九千岁[重生](168)
除非她已另有出路。
“你说那晚护送你们从农庄出来的兵马不少,可能推测大概人数?”殷承玉又问。
乌珠摇头:“当时情况太匆忙,声音又杂乱,没法确定大概,只知人数应该不少。”
“那可有五千?”殷承玉换了个问法,
“没有。”乌珠长于草原,没少参与征战。她斩钉截铁道:“虽然无法确定大致数量,但绝不会有五千之多。”她努力回忆着道:“若我没记错的话,听马蹄声最多应该不超过千人。”

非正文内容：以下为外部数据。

lemma not_implies_if_not_sub_cmi_explicit:
  assumes K: "cmi_on n K" and K': "cmi_on n K'" "\<not> degenerate n K'"
    and not_sub: "\<not> sub_cmi_explicit K' K"
  shows "\<not> cmi_implies n K K'"
proof (cases "fst K \<subseteq> fst K' \<and> cmiI K' \<subseteq> cmiI K")
  case False
  then show ?thesis
    using not_implies_if_not_cond_subset[OF K K'] not_implies_if_not_repeated_subset by blast
next
  case True
  define T where "T = Pparts (cmiI K) (cmiP K')"
  have size: "2 \<le> size T"
    and not_sub': "\<not> (\<Union>(set_mset T) \<subseteq> \<Union>(set_mset (cmiP K))
      \<and> fst K' - cmiI K \<subseteq> fst K \<union> \<Union>(set_mset (cmiP K)) \<and> parts_separated T (cmiP K))"
    using not_sub True unfolding sub_cmi_explicit_def T_def by auto
  consider (not_covered) t m where "t \<in># T" "m \<in> t" "m \<notin> \<Union>(set_mset (cmiP K))"
    | (not_separated) "\<not> parts_separated T (cmiP K)"
    | (cond) c where "parts_separated T (cmiP K)" "c \<in> fst K' - cmiI K" "c \<notin> fst K"
        "c \<notin> \<Union>(set_mset (cmiP K))"
    using not_sub' by blast
  then show ?thesis
  proof cases
    case not_covered
    then show ?thesis
      using True size unfolding T_def by (intro not_implies_if_Rcond_parts_not_covered) auto
  next
    case not_separated
    then show ?thesis
      using True unfolding T_def by (intro not_implies_if_not_parts_separated) auto
  next
    case cond
    then show ?thesis
      using True size unfolding T_def by (intro not_implies_if_cond_not_covered) auto
  qed
qed

lemma implies_if_sub_cmi_explicit:
  assumes K: "cmi_on n K" and K': "cmi_on n K'" and sub: "sub_cmi_explicit K' K"
  shows "cmi_implies n K K'"
  unfolding cmi_implies_def
proof (intro allI impI)
  fix P
  assume "admissible n P" and "valid P K"
  then show "valid P K'"
    using polymatroid_joint_ent total_corr_eq_0_if_sub_cmi_explicit[OF _ K _ sub]
    unfolding valid_iff_total_corr_restrict[OF K] valid_iff_total_corr_restrict[OF K'] by blast
qed

theorem mainTheorem3:
  fixes n :: nat and K K' :: cmi
  assumes "cmi_on n K" and "cmi_on n K'"
  shows "cmi_implies n K K' \<longleftrightarrow> sub_cmi n K' K"
proof -
  have "cmi_implies n K K' \<longleftrightarrow> degenerate n K' \<or> sub_cmi_explicit K' K"
  proof
    assume "cmi_implies n K K'"
    then show "degenerate n K' \<or> sub_cmi_explicit K' K"
      using not_implies_if_not_sub_cmi_explicit[OF assms] by blast
  next
    assume "degenerate n K' \<or> sub_cmi_explicit K' K"
    then show "cmi_implies n K K'"
      using implies_if_sub_cmi_explicit[OF assms] unfolding degenerate_def cmi_implies_def by blast
  qed
  then show ?thesis
    by (simp add: sub_cmi_iff_explicit)
qed

end
lemma limsup_le_sqrt_limsup:
  fixes r a \<theta> :: "nat \<Rightarrow> real"
  assumes a: "a \<longlonglongrightarrow> 0" and \<theta>: "\<And>k. 0 \<le> \<theta> k" "\<And>k. \<theta> k \<le> U" and "0 \<le> c"
    and r: "\<And>k. r k \<le> a k + c * sqrt (2 * \<theta> k) + D"
  shows "limsup (\<lambda>k. ereal (r k))
    \<le> ereal (c * sqrt (2 * real_of_ereal (limsup (\<lambda>k. ereal (\<theta> k)))) + D)"
proof -
  define T where "T = limsup (\<lambda>k. ereal (\<theta> k))"
  have "T \<le> ereal U" "0 \<le> T" unfolding T_def using \<theta> by (auto intro: Limsup_bounded le_Limsup)
  then obtain T' where T': "T = ereal T'" "0 \<le> T'" by (cases T) auto
  define s where "s = sqrt (2 * T')"
  have s: "0 \<le> s" "s\<^sup>2 = 2 * T'" unfolding s_def using T' by simp_all
  show ?thesis unfolding T_def[symmetric] T'(1) s_def[symmetric] real_of_ereal.simps
  proof (rule ereal_le_epsilon2)
    fix e :: real assume e: "0 < e"
    define \<delta> where "\<delta> = e / (2 * (c + 1))"
    have \<delta>: "0 < \<delta>" "c * \<delta> \<le> e / 2"
      unfolding \<delta>_def using e \<open>0 \<le> c\<close> by (auto simp: field_simps)
    have "2 * T' < (s + \<delta>)\<^sup>2"
      using s \<delta>(1) by (simp add: power2_sum add_pos_nonneg)
    hence "eventually (\<lambda>k. ereal (\<theta> k) < ereal ((s + \<delta>)\<^sup>2 / 2)) sequentially"
      using T'(1) unfolding T_def by (intro Limsup_lessD) simp
    moreover have "eventually (\<lambda>k. a k < e / 2) sequentially"
      using a e by (intro order_tendstoD(2)) auto
    ultimately have "eventually (\<lambda>k. ereal (r k) \<le> ereal (c * s + D) + ereal e) sequentially"
    proof eventually_elim
      case (elim k)
      hence "sqrt (2 * \<theta> k) < s + \<delta>"
        using s(1) \<delta>(1) real_sqrt_less_mono[of "2 * \<theta> k" "(s + \<delta>)\<^sup>2"] by simp
      hence "c * sqrt (2 * \<theta> k) \<le> c * s + e / 2"
        using \<open>0 \<le> c\<close> \<delta>(2) by (smt (verit) distrib_left mult_left_mono)
      thus ?case using elim(2) r[of k] by simp
    qed
    thus "limsup (\<lambda>k. ereal (r k)) \<le> ereal (c * s + D) + ereal e" by (rule Limsup_bounded)
  qed
qed

locale inl_condG = majorant_condition +
  fixes C :: "(real^'n) set" and vth \<omega>1 \<omega>2 lam :: real
    and x y s r :: "nat \<Rightarrow> real^'n" and M P :: "nat \<Rightarrow> real^'n^'n" and \<theta> \<eta> :: "nat \<Rightarrow> real"
  assumes C_convex: "convex C" and xs_C: "xs \<in> C"
    and vth_nonneg: "0 \<le> vth" and \<omega>1_pos: "0 < \<omega>1" and lam_nonneg: "0 \<le> lam"
    and contraction_const: "\<omega>1 * ((1 + vth) * lam + vth) + \<omega>2 < 1"
    and x0_C: "x 0 \<in> C" and x0_ball: "x 0 \<in> ball xs (min K (rho R f df \<omega>1 \<omega>2 vth lam))"
    and \<theta>_nonneg: "\<And>k. 0 \<le> \<theta> k" and \<theta>_le: "\<And>k. \<theta> k \<le> lam\<^sup>2 / 2"
    and no_stop: "\<And>k. F (x k) \<noteq> 0"
    and M_inv: "\<And>k. invertible (M k)"
    and newton_eq: "\<And>k. M k *v s k = - F (x k) + r k"
    and y_eq: "\<And>k. y k = x k + s k"
    and x_next: "\<And>k. condG C (y k) (\<theta> k * (norm (s k))\<^sup>2) (x k) (x (Suc k))"
    and M_bound1: "\<And>k. opnorm (matrix_inv (M k) ** F' (x k)) \<le> \<omega>1"
    and M_bound2: "\<And>k. opnorm (matrix_inv (M k) ** F' (x k) - mat 1) \<le> \<omega>2"
    and P_inv: "\<And>k. invertible (P k)"
    and residual: "\<And>k. norm (P k *v r k) \<le> \<eta> k * norm (P k *v F (x k))"
    and forcing: "\<And>k. \<eta> k * cond (P k ** F' (x k)) \<le> vth"
begin

abbreviation "radius \<equiv> min K (rho R f df \<omega>1 \<omega>2 vth lam)"
abbreviation "err k \<equiv> norm (x k - xs)"
abbreviation "ef t \<equiv> f t / df t - t"
abbreviation "coeff_ef \<equiv> \<omega>1 * (1 + vth) * (1 + lam)"
abbreviation "coeff_lin \<equiv> \<omega>1 * ((1 + vth) * lam + vth) + \<omega>2"

lemma err_pos: "0 < err k"
  using no_stop[of k] F_xs by auto

lemma sqrt_2\<theta>_le: "sqrt (2 * \<theta> k) \<le> lam"
  using real_sqrt_le_mono[of "2 * \<theta> k" "lam\<^sup>2"] \<theta>_le[of k] lam_nonneg by simp

lemma
  assumes xk: "x k \<in> C" and err_k: "err k < radius"
  shows iterate_Suc_mem: "x (Suc k) \<in> C"
    and ef_nonneg: "0 \<le> ef (err k)"
    and err_Suc_le: "err (Suc k) \<le> \<omega>1 * (1 + vth) * (1 + sqrt (2 * \<theta> k)) * ef (err k)
        + (\<omega>1 * ((1 + vth) * sqrt (2 * \<theta> k) + vth) + \<omega>2) * err k"
proof -
  define c where "c = sqrt (2 * \<theta> k)"
  define N where "N = ef (err k)"
  have "x k \<in> ball xs K" using err_k by (simp add: dist_norm norm_minus_commute)
  moreover have "err k < nu R df" using err_k rho_le_nu[OF contraction_const] by linarith
  ultimately have newton: "invertible (F' (x k))" "norm (matrix_inv (F' (x k)) *v F (x k) - (x k - xs)) \<le> N"
    using newton_error_le[OF _ err_pos] unfolding N_def by blast+
  have res: "norm (matrix_inv (F' (x k)) *v r k) \<le> vth * norm (matrix_inv (F' (x k)) *v F (x k))"
    using residual_le_forcing[OF newton(1) P_inv residual forcing vth_nonneg] .
  note step = inexact_newton_step_le[OF newton(1) M_inv newton_eq M_bound1 M_bound2 res
      newton(2) vth_nonneg]
  show "0 \<le> ef (err k)" using newton(2) norm_ge_zero order_trans unfolding N_def by blast
  have "0 \<le> \<theta> k * (norm (s k))\<^sup>2" using \<theta>_nonneg by simp
  note proj = condG_approx_projection[OF x_next C_convex xk this]
  show "x (Suc k) \<in> C" using proj by blast
  have "err (Suc k) \<le> norm (y k - xs) + sqrt (2 * (\<theta> k * (norm (s k))\<^sup>2))"
    using proj xs_C \<open>0 \<le> \<theta> k * (norm (s k))\<^sup>2\<close> by (intro approx_projection_dist_le) auto
  also have "\<dots> = norm ((x k - xs) + s k) + c * norm (s k)"
    unfolding y_eq c_def by (simp add: real_sqrt_mult algebra_simps)
  also have "\<dots> \<le> (\<omega>2 * err k + \<omega>1 * N + \<omega>1 * vth * (N + err k))
      + c * (\<omega>1 * (1 + vth) * (N + err k))"
    using step c_def \<theta>_nonneg by (intro add_mono mult_left_mono) auto
  also have "\<dots> = \<omega>1 * (1 + vth) * (1 + c) * N + (\<omega>1 * ((1 + vth) * c + vth) + \<omega>2) * err k"
    by (simp add: algebra_simps)
  finally show "err (Suc k) \<le> \<omega>1 * (1 + vth) * (1 + c) * N
      + (\<omega>1 * ((1 + vth) * c + vth) + \<omega>2) * err k" .
qed

lemma err_Suc_le_uniform:
  assumes "x k \<in> C" "err k < radius"
  shows "err (Suc k) \<le> coeff_ef * ef (err k) + coeff_lin * err k"
proof -
  define N where "N = ef (err k)"
  define c where "c = sqrt (2 * \<theta> k)"
  have "0 \<le> \<omega>1 * (1 + vth) * ((lam - c) * (N + err k))"
    using \<omega>1_pos vth_nonneg sqrt_2\<theta>_le[of k] ef_nonneg[OF assms] err_pos[of k]
    unfolding N_def c_def by (intro mult_nonneg_nonneg; linarith)
  moreover have "err (Suc k) \<le> \<omega>1 * (1 + vth) * (1 + c) * N
      + (\<omega>1 * ((1 + vth) * c + vth) + \<omega>2) * err k"
    using err_Suc_le[OF assms] unfolding N_def c_def .
  ultimately have "err (Suc k) \<le> coeff_ef * N + coeff_lin * err k"
    by (simp add: algebra_simps)
  thus ?thesis unfolding N_def .
qed

lemma contraction_below_rho:
  assumes "0 < t" "t < rho R f df \<omega>1 \<omega>2 vth lam"
  shows "coeff_ef * ef t + coeff_lin * t < t"
proof -
  have "df t \<noteq> 0"
    using df_neg_below_nu[of t] rho_le_nu[OF contraction_const] assms by auto
  hence "coeff_ef * ef t + coeff_lin * t
      = t * (coeff_ef * (f t / (t * df t) - 1) + coeff_lin)"
    using assms(1) by (simp add: field_simps)
  also have "\<dots> < t" using below_rho[OF contraction_const assms] assms(1) by simp
  finally show ?thesis .
qed

lemma err_Suc_less_of_mem:
  assumes "x k \<in> C" "err k < radius"
  shows "err (Suc k) < err k"
  using err_Suc_le_uniform[OF assms] contraction_below_rho[OF err_pos] assms(2) by fastforce

lemma iterate_mem_and_err_less: "x k \<in> C \<and> err k < radius"
proof (induction k)
  case 0
  show ?case using x0_C x0_ball by (simp add: dist_norm norm_minus_commute)
next
  case (Suc k)
  thus ?case using iterate_Suc_mem err_Suc_less_of_mem by fastforce
qed

lemma err_Suc_less: "err (Suc k) < err k"
  using err_Suc_less_of_mem iterate_mem_and_err_less by blast

lemma iterates_in_ball: "\<forall>k. x k \<in> ball xs radius \<inter> C"
  using iterate_mem_and_err_less by (simp add: dist_norm norm_minus_commute)

lemma err_le_err0: "err k \<le> err 0"
  by (induction k) (auto intro: order_trans less_imp_le[OF err_Suc_less])

lemma err_tendsto_0: "(\<lambda>k. err k) \<longlonglongrightarrow> 0"
proof (rule decreasing_tendsto_zero[where g="\<lambda>t. coeff_ef * ef t + coeff_lin * t"])
  show "0 < err k" "err (Suc k) < err k" for k using err_pos err_Suc_less .
  show "err (Suc k) \<le> coeff_ef * ef (err k) + coeff_lin * err k" for k
    using err_Suc_le_uniform iterate_mem_and_err_less by blast
  fix t assume t: "0 < t" "t \<le> err 0"
  hence below_rho: "t < rho R f df \<omega>1 \<omega>2 vth lam"
    using iterate_mem_and_err_less[of 0] by linarith
  hence "df t < 0" "t < R"
    using df_neg_below_nu[of t] rho_le_nu[OF contraction_const] t by auto
  moreover have "isCont df t"
    using continuous_on_interior[OF df_cont] \<open>t < R\<close> t by (simp add: interior_atLeastLessThan)
  ultimately have "isCont (\<lambda>t. coeff_ef * ef t + coeff_lin * t) t"
    using DERIV_isCont[OF f_has_real_derivative] t by (intro continuous_intros) auto
  thus "coeff_ef * ef t + coeff_lin * t < t \<and> isCont (\<lambda>t. coeff_ef * ef t + coeff_lin * t) t"
    using contraction_below_rho[OF t(1) below_rho] by blast
qed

殷承玉脸色微变,想起薛恕曾与自己所说的消息——殷承璟还私藏了五千兵马。
中计了。
有人故意放出殷承璟还私藏有五千兵马的消息,就是为了引他分出大量兵力去追捕殷承璟。
想到如今宫中甚至望京城内逐渐加强的防卫,殷承玉心中逐渐明了。
怕是殷慈光也想要重演逼宫戏码,只是他当不会像殷承璟那般蠢。
辞别乌珠,殷承玉赶回慈庆宫,一面命信使立即出城给薛恕传信,一面召了卫西河过来——薛恕带兵离开之前,将卫西河留了下来。
“如今东、西两厂可用兵马还余多少?”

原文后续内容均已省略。